Abstracts of the invited talks at the Workshop on 35 years of Automath

Heriot-Watt University, Edinburgh

Wednesday 10-Saturday 13 April 2002

http://www.cedar-forest.org/forest/events/automath2002/

 

Abstract: Formalising Mathematics - for mathematicians and by mathematicians.

Peter Aczel

I will discuss an idealised long-term vision of the future interactions between mathematicians and computer systems and the short-term steps that might be taken to make progress towards the vision.



 

Abstract: Styles of formalization

Henk Barendregt

We know that formalizing mathematics is useful. The present practise usually follows closely the style of the mathematical assistant. It would be better to follow the style of mathematics. In principle this mathematical style may change, but at present the situation is lopsided.



 

Abstract: Proof checking the full book of Landau

Bert van Benthem Jutting

In this talk, I will look back at the time when we were working on automating the whole book of Landau in Automath. I will discuss the challanges we faced and how we overcame some of these challenges.



 

Abstract: Recent Results in Type Theory and their Applications in MetaPRL and Nuprl

Bob Constable

We examine Kopylov's dependent intersection type and its use in defining dependent records which are a basis for class theory. We also examine Nogin's new axioms for quotient types and their use in defining collections.

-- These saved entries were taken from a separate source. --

(* Let $\mathbf{\Omega}\subset\mathbb{R}^n$ be compact with nonempty interior, let $f:\mathbf{\Omega}\to\mathbb{R}$ be continuous, and let $\lambda$ be a finite nonnegative Borel measure on $\mathbf{\Omega}$ whose support is exactly $\mathbf{\Omega}$. Let $\underline{f}=\min_{\mathbf{x}\in\mathbf{\Omega}}f(\mathbf{x})$ and $\overline{f}=\max_{\mathbf{x}\in\mathbf{\Omega}}f(\mathbf{x})$. Let $\#\lambda$ be the pushforward of $\lambda$ by $f$, with moments $\#\lambda_k=\int_{\mathbf{\Omega}} f(\mathbf{x})^k\,d\lambda(\mathbf{x})$, $k\in\mathbb{N}$. For $r\in\mathbb{N}$ let $\mathbf{H}_r(\#\lambda)$ be the $(r+1)\times(r+1)$ Hankel matrix with entries $\mathbf{H}_r(\#\lambda)(i,j)=\#\lambda_{i+j}$ and $\mathbf{H}_r(x;\#\lambda)$ the $(r+1)\times(r+1)$ Hankel matrix with entries $\mathbf{H}_r(x;\#\lambda)(i,j)=\#\lambda_{i+j+1}$, $i,j=0,\dots,r$, and define \[\tau^\ell_r=\sup_a\{a:\ \mathbf{H}_r(x;\#\lambda)\succeq a\,\mathbf{H}_r(\#\lambda)\},\qquad \tau^u_r=\inf_a\{a:\ a\,\mathbf{H}_r(\#\lambda)\succeq \mathbf{H}_r(x;\#\lambda)\}.\] Then $\underline{f}\le\tau^\ell_r\le\tau^u_r\le\overline{f}$ for all $r\in\mathbb{N}$; the sequence $(\tau^\ell_r)_{r\in\mathbb{N}}$ is monotone non-increasing and $(\tau^u_r)_{r\in\mathbb{N}}$ is monotone non-decreasing; $\lim_{r\to\infty}\tau^\ell_r=\underline{f}$ and $\lim_{r\to\infty}\tau^u_r=\overline{f}$; and for all $r\in\mathbb{N}$, $\tau^\ell_r=\lambda_{\min}(\mathbf{H}_r(x;\#\lambda),\mathbf{H}_r(\#\lambda))$ and $\tau^u_r=\lambda_{\max}(\mathbf{H}_r(x;\#\lambda),\mathbf{H}_r(\#\lambda))$.
   Context: The pushforward measure is defined by $\#\lambda(C)=\lambda(f^{-1}(C))$ for Borel $C\subset\mathbb{R}$. $\mathbf{A}\succeq\mathbf{B}$ means $\mathbf{A}-\mathbf{B}$ is positive semidefinite. For real symmetric matrices $\mathbf{A},\mathbf{C}$, $\lambda_{\min}(\mathbf{A},\mathbf{C})$ (resp. $\lambda_{\max}(\mathbf{A},\mathbf{C})$) denotes the smallest (resp. largest) generalized eigenvalue of the pair, i.e. the smallest (resp. largest) scalar $\tau$ such that $\mathbf{A}\mathbf{v}=\tau\,\mathbf{C}\mathbf{v}$ for some nonzero vector $\mathbf{v}$. *)

theory Defs
  imports "HOL-Analysis.Analysis"
begin

definition measure_support :: "'a::topological_space measure \<Rightarrow> 'a set \<Rightarrow> 'a set" where
  "measure_support M \<Omega> = {x \<in> \<Omega>. \<forall>U. open U \<and> x \<in> U \<longrightarrow> emeasure M (U \<inter> \<Omega>) > 0}"

definition push_moment :: "'a measure \<Rightarrow> ('a \<Rightarrow> real) \<Rightarrow> nat \<Rightarrow> real" where
  "push_moment M f k = (\<integral>x. f x ^ k \<partial>M)"

definition hankel0 :: "(nat \<Rightarrow> real) \<Rightarrow> nat \<Rightarrow> nat \<Rightarrow> real" where
  "hankel0 m i j = m (i + j)"

definition hankel1 :: "(nat \<Rightarrow> real) \<Rightarrow> nat \<Rightarrow> nat \<Rightarrow> real" where
  "hankel1 m i j = m (i + j + 1)"

definition psd_mat :: "nat \<Rightarrow> (nat \<Rightarrow> nat \<Rightarrow> real) \<Rightarrow> bool" where
  "psd_mat n A \<longleftrightarrow> (\<forall>v::nat \<Rightarrow> real. 0 \<le> (\<Sum>i<n. \<Sum>j<n. v i * A i j * v j))"

definition gen_eigenvalues :: "nat \<Rightarrow> (nat \<Rightarrow> nat \<Rightarrow> real) \<Rightarrow> (nat \<Rightarrow> nat \<Rightarrow> real) \<Rightarrow> real set" where
  "gen_eigenvalues n A C = {t. \<exists>v::nat \<Rightarrow> real. (\<exists>i<n. v i \<noteq> 0) \<and>
      (\<forall>i<n. (\<Sum>j<n. A i j * v j) = t * (\<Sum>j<n. C i j * v j))}"

definition gen_eig_min :: "nat \<Rightarrow> (nat \<Rightarrow> nat \<Rightarrow> real) \<Rightarrow> (nat \<Rightarrow> nat \<Rightarrow> real) \<Rightarrow> real" where
  "gen_eig_min n A C = Min (gen_eigenvalues n A C)"

definition gen_eig_max :: "nat \<Rightarrow> (nat \<Rightarrow> nat \<Rightarrow> real) \<Rightarrow> (nat \<Rightarrow> nat \<Rightarrow> real) \<Rightarrow> real" where
  "gen_eig_max n A C = Max (gen_eigenvalues n A C)"

definition tau_lower :: "(nat \<Rightarrow> real) \<Rightarrow> nat \<Rightarrow> real" where
  "tau_lower m r = Sup {a. psd_mat (r + 1) (\<lambda>i j. hankel1 m i j - a * hankel0 m i j)}"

The talk will briefly mention applications of these ideas to validating distributed system components, and it will illustrate the Common Mathematics Library used by MetaPRL, Nuprl, JProver and other systems, comparing it to Automath's tree of knowledge.



 

Abstract: The design of Automath

N.G. de Bruijn

The goal of the Automath system (developed at Eindhoven from 1967 onwards) was to develop a framework for expressing mathematical theories in a form that enables a computer to verify the correctness. The fundamental idea is that whatever is said correctly, is correct. There is no other norm for correctness.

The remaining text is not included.